(Dataset entries)
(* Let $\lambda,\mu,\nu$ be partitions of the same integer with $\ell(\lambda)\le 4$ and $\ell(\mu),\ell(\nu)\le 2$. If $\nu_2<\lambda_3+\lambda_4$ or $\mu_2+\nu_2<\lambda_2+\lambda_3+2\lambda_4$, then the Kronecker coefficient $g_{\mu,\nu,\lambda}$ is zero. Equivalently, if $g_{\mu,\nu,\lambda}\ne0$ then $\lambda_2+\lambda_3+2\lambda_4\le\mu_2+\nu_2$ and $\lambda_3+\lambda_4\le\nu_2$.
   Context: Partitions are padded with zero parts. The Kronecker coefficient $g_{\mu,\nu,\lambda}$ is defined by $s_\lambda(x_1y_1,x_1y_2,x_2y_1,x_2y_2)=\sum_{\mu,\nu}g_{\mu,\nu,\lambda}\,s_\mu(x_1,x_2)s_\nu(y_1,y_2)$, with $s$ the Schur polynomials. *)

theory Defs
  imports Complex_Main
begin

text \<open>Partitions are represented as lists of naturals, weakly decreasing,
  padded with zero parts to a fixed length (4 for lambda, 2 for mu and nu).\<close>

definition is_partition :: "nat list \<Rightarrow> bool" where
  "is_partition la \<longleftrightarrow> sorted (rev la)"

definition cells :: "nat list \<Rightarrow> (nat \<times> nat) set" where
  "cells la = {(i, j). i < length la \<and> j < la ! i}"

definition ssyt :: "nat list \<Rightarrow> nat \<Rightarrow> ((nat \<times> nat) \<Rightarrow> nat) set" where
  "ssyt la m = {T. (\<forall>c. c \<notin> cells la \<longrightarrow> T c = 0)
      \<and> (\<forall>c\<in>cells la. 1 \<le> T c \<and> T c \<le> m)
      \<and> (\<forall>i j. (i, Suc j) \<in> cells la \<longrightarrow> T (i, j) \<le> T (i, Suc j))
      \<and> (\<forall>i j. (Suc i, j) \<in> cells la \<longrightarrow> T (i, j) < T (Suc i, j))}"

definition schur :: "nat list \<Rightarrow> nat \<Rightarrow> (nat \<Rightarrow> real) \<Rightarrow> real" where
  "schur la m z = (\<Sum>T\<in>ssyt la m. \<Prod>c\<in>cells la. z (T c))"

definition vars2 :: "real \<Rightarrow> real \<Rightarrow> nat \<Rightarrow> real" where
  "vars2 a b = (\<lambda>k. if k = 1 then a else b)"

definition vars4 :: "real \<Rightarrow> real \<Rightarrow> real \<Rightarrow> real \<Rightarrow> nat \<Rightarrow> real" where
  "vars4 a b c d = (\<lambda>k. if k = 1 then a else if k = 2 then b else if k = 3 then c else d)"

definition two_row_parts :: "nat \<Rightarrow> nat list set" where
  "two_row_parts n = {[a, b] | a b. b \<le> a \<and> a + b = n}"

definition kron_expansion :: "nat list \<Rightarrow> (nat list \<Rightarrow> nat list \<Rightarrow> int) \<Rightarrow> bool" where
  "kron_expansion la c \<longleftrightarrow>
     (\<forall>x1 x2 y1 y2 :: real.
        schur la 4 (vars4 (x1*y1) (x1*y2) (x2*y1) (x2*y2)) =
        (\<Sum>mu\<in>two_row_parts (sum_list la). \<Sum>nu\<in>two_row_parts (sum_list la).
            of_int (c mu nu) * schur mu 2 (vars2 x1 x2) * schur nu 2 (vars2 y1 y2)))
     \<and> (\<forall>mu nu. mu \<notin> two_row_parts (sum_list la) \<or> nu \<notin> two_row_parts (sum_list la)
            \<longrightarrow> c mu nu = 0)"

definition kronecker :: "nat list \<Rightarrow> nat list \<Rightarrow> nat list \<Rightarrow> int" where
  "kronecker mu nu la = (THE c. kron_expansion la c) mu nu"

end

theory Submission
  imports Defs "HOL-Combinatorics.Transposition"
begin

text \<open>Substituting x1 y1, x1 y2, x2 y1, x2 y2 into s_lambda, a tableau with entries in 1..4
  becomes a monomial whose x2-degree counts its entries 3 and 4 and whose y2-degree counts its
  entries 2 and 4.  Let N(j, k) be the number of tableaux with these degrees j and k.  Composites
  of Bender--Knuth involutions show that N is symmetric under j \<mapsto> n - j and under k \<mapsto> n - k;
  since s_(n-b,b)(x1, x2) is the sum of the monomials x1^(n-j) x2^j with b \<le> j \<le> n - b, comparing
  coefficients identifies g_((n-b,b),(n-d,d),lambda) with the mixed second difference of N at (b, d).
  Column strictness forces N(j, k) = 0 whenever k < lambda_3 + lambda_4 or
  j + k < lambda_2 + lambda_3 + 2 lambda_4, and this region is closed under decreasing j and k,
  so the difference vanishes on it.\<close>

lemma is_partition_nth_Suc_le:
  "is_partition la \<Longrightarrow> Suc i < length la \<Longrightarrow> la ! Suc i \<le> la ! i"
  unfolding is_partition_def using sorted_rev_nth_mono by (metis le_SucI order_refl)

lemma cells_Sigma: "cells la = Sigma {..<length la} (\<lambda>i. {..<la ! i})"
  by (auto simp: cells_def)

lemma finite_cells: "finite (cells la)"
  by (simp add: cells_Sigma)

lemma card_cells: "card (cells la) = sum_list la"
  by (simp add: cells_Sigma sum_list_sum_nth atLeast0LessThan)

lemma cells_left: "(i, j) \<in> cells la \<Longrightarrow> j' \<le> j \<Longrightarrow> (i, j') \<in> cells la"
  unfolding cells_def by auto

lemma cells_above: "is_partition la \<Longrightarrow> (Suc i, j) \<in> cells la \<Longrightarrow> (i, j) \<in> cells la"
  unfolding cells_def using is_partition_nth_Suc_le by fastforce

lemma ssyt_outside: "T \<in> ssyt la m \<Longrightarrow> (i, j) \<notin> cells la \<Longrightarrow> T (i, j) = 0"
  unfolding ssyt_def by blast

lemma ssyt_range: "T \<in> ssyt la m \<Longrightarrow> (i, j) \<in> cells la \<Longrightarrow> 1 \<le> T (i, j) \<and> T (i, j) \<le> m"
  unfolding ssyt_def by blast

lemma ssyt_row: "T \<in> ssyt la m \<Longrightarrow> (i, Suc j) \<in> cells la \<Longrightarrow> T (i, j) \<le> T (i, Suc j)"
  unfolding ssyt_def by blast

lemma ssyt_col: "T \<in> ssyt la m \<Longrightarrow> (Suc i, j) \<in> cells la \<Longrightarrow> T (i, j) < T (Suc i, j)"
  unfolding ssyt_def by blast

▶ Problem to work on:
Transcribe only the lines from the beginning of the entries to the line with "length la \<and>", inclusive, exactly as written.

▶ Reply:
(* Let $\lambda,\mu,\nu$ be partitions of the same integer with $\ell(\lambda)\le 4$ and $\ell(\mu),\ell(\nu)\le 2$. If $\nu_2<\lambda_3+\lambda_4$ or $\mu_2+\nu_2<\lambda_2+\lambda_3+2\lambda_4$, then the Kronecker coefficient $g_{\mu,\nu,\lambda}$ is zero. Equivalently, if $g_{\mu,\nu,\lambda}\ne0$ then $\lambda_2+\lambda_3+2\lambda_4\le\mu_2+\nu_2$ and $\lambda_3+\lambda_4\le\nu_2$.
   Context: Partitions are padded with zero parts. The Kronecker coefficient $g_{\mu,\nu,\lambda}$ is defined by $s_\lambda(x_1y_1,x_1y_2,x_2y_1,x_2y_2)=\sum_{\mu,\nu}g_{\mu,\nu,\lambda}\,s_\mu(x_1,x_2)s_\nu(y_1,y_2)$, with $s$ the Schur polynomials. *)

theory Defs
  imports Complex_Main
begin

text \<open>Partitions are represented as lists of naturals, weakly decreasing,
  padded with zero parts to a fixed length (4 for lambda, 2 for mu and nu).\<close>

definition is_partition :: "nat list \<Rightarrow> bool" where
  "is_partition la \<longleftrightarrow> sorted (rev la)"

definition cells :: "nat list \<Rightarrow> (nat \<times> nat) set" where
  "cells la = {(i, j). i < length la \<and> j < la ! i}"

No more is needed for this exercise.